Гиббс тупо смотрел на нее:
— У тебя здесь нет сестры?
— У меня вообще нет сестры, — тихо ответила Клэр. — Она умерла.
— Ох. — Он явно не понимал, зачем она ему это говорит. — Сочувствую, Клэр.
— Правда…
Гиббс пристально наблюдал за ней, вероятно начиная подозревать, что напоролся на полоумную.
— Ну, бывает. И… что же ты делаешь в Кромере? Ты ведь говорила, что приехала повидаться с сестрой.
— Ты не против, если мы немного поговорим о ней?
— Нет. Конечно, нет. Как скажешь. — Он поерзал на стуле — и вдруг обнаружил, что прижат к стене столешницей. Видимо, на подсознательном уровне ему это не понравилось, и манеры Гиббса начали меняться.
— Понимаешь, Виктор, у меня такое чувство, что ты ее знал.
— Знал? — хохотнул Гиббс. — Да ты о чем говоришь? Мы с тобой-то знакомы всего пару часов.
— У меня с собой письмо. — Клэр достала из сумочки сложенный листок бумаги. Это был цветной ксерокс оригинала — лучшее, что могла предложить библиотека в Малверне. — Последнее письмо, которое моя сестра написала родителям. Не хочешь взглянуть?
Гиббс взял бумажку, разложил ее перед собой. Поставив локти на стол и уткнув подбородок в ладони, он разглядывал письмо. Долго разглядывал. Не шевелясь, не поднимая головы. Клэр ждала, когда он хоть что-нибудь скажет. За столиком сзади шла приглушенная беседа, кофеварка в баре периодически выплевывала капучино.
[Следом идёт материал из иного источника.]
lemma inner_centered_image_eq:
  assumes "x \<in> E" "y \<in> E"
  shows "inner (J (f x) - J (f p)) (J (f y) - J (f p)) = inner (J x - J p) (J y - J p)"
proof (rule inner_centered_eq_if_dist_eq[where \<phi>=J and \<psi>="\<lambda>z. J (f z)", OF _ p_in_E assms])
  fix x y assume "x \<in> E" "y \<in> E"
  then show "dist (J (f x)) (J (f y)) = dist (J x) (J y)"
    using isometric E_subset_Ma image_subset_Ma
    by (simp add: subset_eq dist_norm dist_a_def norm_a_eq_norm_weighted_l2 Ma_diff weighted_l2_diff)
qed

lemma ga_sums_domain_iff:
  assumes "\<forall>i. x i \<in> E"
  shows "ga_sums a (\<lambda>i j. \<alpha> i * (x i j - p j)) s \<longleftrightarrow>
    s \<in> Ma a \<and> (\<lambda>i. \<alpha> i *\<^sub>R (J (x i) - J p)) sums J s"
  using assms E_subset_Ma p_in_E by (intro ga_sums_centered_iff_sums) auto

lemma ga_sums_image_iff:
  assumes "\<forall>i. x i \<in> E"
  shows "ga_sums a (\<lambda>i j. \<alpha> i * (f (x i) j - f p j)) t \<longleftrightarrow>
    t \<in> Ma a \<and> (\<lambda>i. \<alpha> i *\<^sub>R (J (f (x i)) - J (f p))) sums J t"
  using assms image_subset_Ma p_in_E by (intro ga_sums_centered_iff_sums) auto

lemma image_series_summable:
  assumes x: "\<forall>i. x i \<in> E" and "ga_sums a (\<lambda>i j. \<alpha> i * (x i j - p j)) s"
  shows "\<exists>t. ga_sums a (\<lambda>i j. \<alpha> i * (f (x i) j - f p j)) t"
proof -
  from x have x_in_E: "\<And>i. x i \<in> E" by blast
  have "summable (\<lambda>i. \<alpha> i *\<^sub>R (J (x i) - J p))"
    using assms ga_sums_domain_iff by (auto simp: summable_def)
  then have "summable (\<lambda>i. \<alpha> i *\<^sub>R (J (f (x i)) - J (f p)))"
    using summable_transfer_by_inner[where P="\<lambda>z. J z - J p" and Q="\<lambda>z. J (f z) - J (f p)",
        OF inner_centered_image_eq x_in_E] by simp
  then obtain v where v: "(\<lambda>i. \<alpha> i *\<^sub>R (J (f (x i)) - J (f p))) sums v"
    by (auto simp: summable_def)
  obtain t where "t \<in> Ma a" "J t = v"
    using a_pos weighted_l2_surj by blast
  then show ?thesis
    using v x ga_sums_image_iff by blast
qed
Наконец Гиббс выпрямился и отпихнул от себя письмо. Лицо его ничего не выражало, разве что стало бледнее и руки слегка дрожали.
— Есть какие-нибудь соображения? — спросила Клэр, поскольку молчание затягивалось.
Гиббс пожал плечами:
— Я-то тут при чем? Я в чужие дела не лезу.
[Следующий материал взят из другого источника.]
text \<open>Independence of two random variables with possibly different (Borel) codomains
  (the library's indep_var forces equal codomain types).\<close>
definition indep_rv :: "'a measure \<Rightarrow> ('a \<Rightarrow> 'b::topological_space) \<Rightarrow> ('a \<Rightarrow> 'c::topological_space) \<Rightarrow> bool" where
  "indep_rv M X Y \<longleftrightarrow> X \<in> borel_measurable M \<and> Y \<in> borel_measurable M \<and>
     (\<forall>A\<in>sets borel. \<forall>B\<in>sets borel.
        measure M (X -` A \<inter> Y -` B \<inter> space M) =
        measure M (X -` A \<inter> space M) * measure M (Y -` B \<inter> space M))"

end

theory Submission
  imports Defs
begin

text \<open>
  Substituting the control law, the estimated state enters only through the estimation error, and
  the tracking error obeys
  \<open>e(k+1) = (1 - \<alpha>) e(k) + d(k) - (t\<^sup>2/2) u(k)\<close>, where \<open>d(k)\<close> is the term whose mean square
  defines \<open>\<sigma>\<close> and \<open>u(k)\<close> is the target acceleration. The crude bound
  \<open>\<parallel>a + b\<parallel>\<^sup>2 \<le> 2\<parallel>a\<parallel>\<^sup>2 + 2\<parallel>b\<parallel>\<^sup>2\<close> gives
  \<open>E\<parallel>e(k+1)\<parallel>\<^sup>2 \<le> 2(1 - \<alpha>)\<^sup>2 E\<parallel>e(k)\<parallel>\<^sup>2 + 2\<sigma> + t\<^sup>4 tr W\<close>, a contraction exactly when
  \<open>\<bar>1 - \<alpha>\<bar> < 1/\<surd>2\<close>.
\<close>

lemma nn_integral_square_normal:
  assumes Y: "distributed M lborel Y (normal_density 0 s)" and s: "0 < s"
  shows "(\<integral>\<^sup>+ \<omega>. ennreal ((Y \<omega>)\<^sup>2) \<partial>M) = ennreal (s\<^sup>2)"
proof -
  have "(\<integral>\<^sup>+ \<omega>. ennreal ((Y \<omega>)\<^sup>2) \<partial>M) = (\<integral>\<^sup>+ x. ennreal (normal_density 0 s x * x\<^sup>2) \<partial>lborel)"
    by (subst distributed_nn_integral[OF Y, symmetric]) (simp_all add: ennreal_mult')
  also have "\<dots> = ennreal (\<integral> x. normal_density 0 s x * x\<^sup>2 \<partial>lborel)"
    using integrable_normal_moment[OF s, of 0 2] by (intro nn_integral_eq_integral) auto
  also have "(\<integral> x. normal_density 0 s x * x\<^sup>2 \<partial>lborel) = s\<^sup>2"
    using integral_normal_moment_even[OF s, of 0 1] by (simp add: power2_eq_square)
  finally show ?thesis .
qed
— Еще как при чем. — После паузы Клэр добавила: — Думаю, ты написал это письмо.
Гиббс застыл на секунду.
— Да ты чокнутая. — А потом он попробовал встать, но для этого надо было отодвинуть стол. — Выпусти меня!
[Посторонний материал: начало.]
(* Let $Z$ be a compact Hausdorff space containing (as a subspace) a homeomorphic copy of the one-point compactification of an uncountable discrete space, and let $n\in\mathbb{Z}_{>0}$. Then for every $d$ with $2\le d\le n$, the subspace $$Z_{(d)}:=\{\mathbf z\subseteq Z:\ |\mathbf z|=d\}\subseteq Z_{[n]}$$ (the stratum of $Z_{[n]}$ consisting of the points whose fiber under $\pi:Z_{[n]}^{\subseteq}\to Z_{[n]}$ has exactly $d$ elements) is not a normal topological space.
   Context: $Z_{[n]}:=\{\mathbf z\subseteq Z:\ 1\le|\mathbf z|\le n\}$ carries the quotient topology from $Z^n$ via $(z_i)_i\mapsto\{z_i\}_i$ (equivalently the Vietoris topology); $Z_{[n]}^{\subseteq}:=\{(z,x)\in Z\times Z_{[n]}: z\in x\}$ and $\pi$ is the second projection. A space is normal if any two disjoint closed subsets have disjoint open neighborhoods. *)

theory Defs
  imports "HOL-Analysis.Analysis"
begin

text \<open>One-point (Alexandroff) compactification of a topological space X, on the carrier
  Some ` topspace X plus the point at infinity None. Open sets: images of open sets of X,
  and complements (containing None) of closed compact subsets of X.\<close>
definition alexandroff :: "'a topology \<Rightarrow> 'a option topology" where
  "alexandroff X = topology (\<lambda>V.
      (\<exists>U. openin X U \<and> V = Some ` U) \<or>
      (\<exists>C. compactin X C \<and> closedin X C \<and> V = insert None (Some ` (topspace X - C))))"

definition finset_of :: "nat \<Rightarrow> (nat \<Rightarrow> 'a) \<Rightarrow> 'a set" where
  "finset_of n f = f ` {..<n}"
— Сядь, Виктор. Нам нужно поговорить.
— Не о чем тут разговаривать! — Гиббс повысил голос. — Я никогда раньше не видел ни тебя, ни твоей чертовой сестры, и, похоже, у тебя с головой не в порядке. Никак, из психушки сбежала.
— У меня имеется еще одно письмо, — продолжила Клэр. — То, которое ты написал Биллу Андертону.
У Гиббса подкосились ноги, и он опустился на стул.
— Тебе знакомо это имя, верно? И я могу доказать, что письма написаны одним и тем же человеком. На одной и той же пишущей машинке.
Больше Клэр ничего не успела сказать. Гиббс снова попытался встать. Опираясь со всей силой на стол, он прошипел:
— Никогда не слышал о таком. Ты меня приняла за кого-то другого.
— Сядь, сволочь! — вырвалось у Клэр. И трясло уже не Гиббса, но ее саму, голос не слушался, она понимала, что теряет контроль
— Тогда зачем ты явилась, мать твою?
Он двигал стол на нее. Клэр почувствовала боль: острый угол впился ей в живот.
— Прекрати! — закричала она. — Прекрати! — Она злилась на себя и чуть не плакала. — Виктор, я лишь хочу знать. Хочу выяснить, что случилось с моей сестрой. Я тогда была ребенком. А ей исполнился двадцать один год. Я просто хочу знать.
Он глянул на нее с неумолимой бешеной злобой.
— От меня ты ничего не добьешься. — И Гиббс с такой силой толкнул стол, что Клэр отбросило назад, развернуло на стуле, и, ударившись о женщину, сидевшую сзади, она растянулась на полу.
Гиббс торопливо выбирался из угла. Он перешагнул через Клэр, и в этот момент со стола упала кружка, теплый кофе вылился на лицо Клэр, забрызгав плащ и руки. Гиббс рванул прочь из кафе. Шум привлек внимание посетителей. Кто-то подошел к Клэр и помог подняться. Она рыдала.
— Он вас ударил, этот гнусный подонок? — спрашивал мужской голос.
Девушка, обслуживающая за стойкой, усадила Клэр на стул и принялась чистить ее плащ кухонным полотенцем.
— Не плачь, — приговаривала она. — Этот придурок не стоит твоих слез.
Город окутала тьма. Сгорбившись на бетонной скамье, Клэр сидела на берегу моря. Так прошел час. Конечности ломило от холода, тело затекло. Позади, по мокрому шоссе, с шепелявым свистом проносились редкие машины. Впереди, за узкой полоской пляжа, катил волны океан, как ни в чем не бывало, — вода с мерным монотонным шелестом набегала на прибрежную гальку. Падая на пол в кафе, Клэр ударилась щекой о стул, и теперь под левым глазом цвел синяк. Она потрогала лицо и вздрогнула от саднящей боли. Ветер, дувший с моря, усилился, и Клэр съежилась. Надо бы выпить чего-нибудь горячего, прежде чем садиться за руль. Ей опять предстоял пятичасовой путь, на сей раз в темноте. А она так устала. Не поискать ли гостиницу? Но перспектива провести ночь в местной гостинице удручала: поднос с пакетиками чая и растворимого кофе, поставленный у кровати; старенький переносной телевизор; призраки тысяч прежних постояльцев. Лучше отправиться домой. Долгая дорога пойдет ей на пользу, развеет тяжелые мысли.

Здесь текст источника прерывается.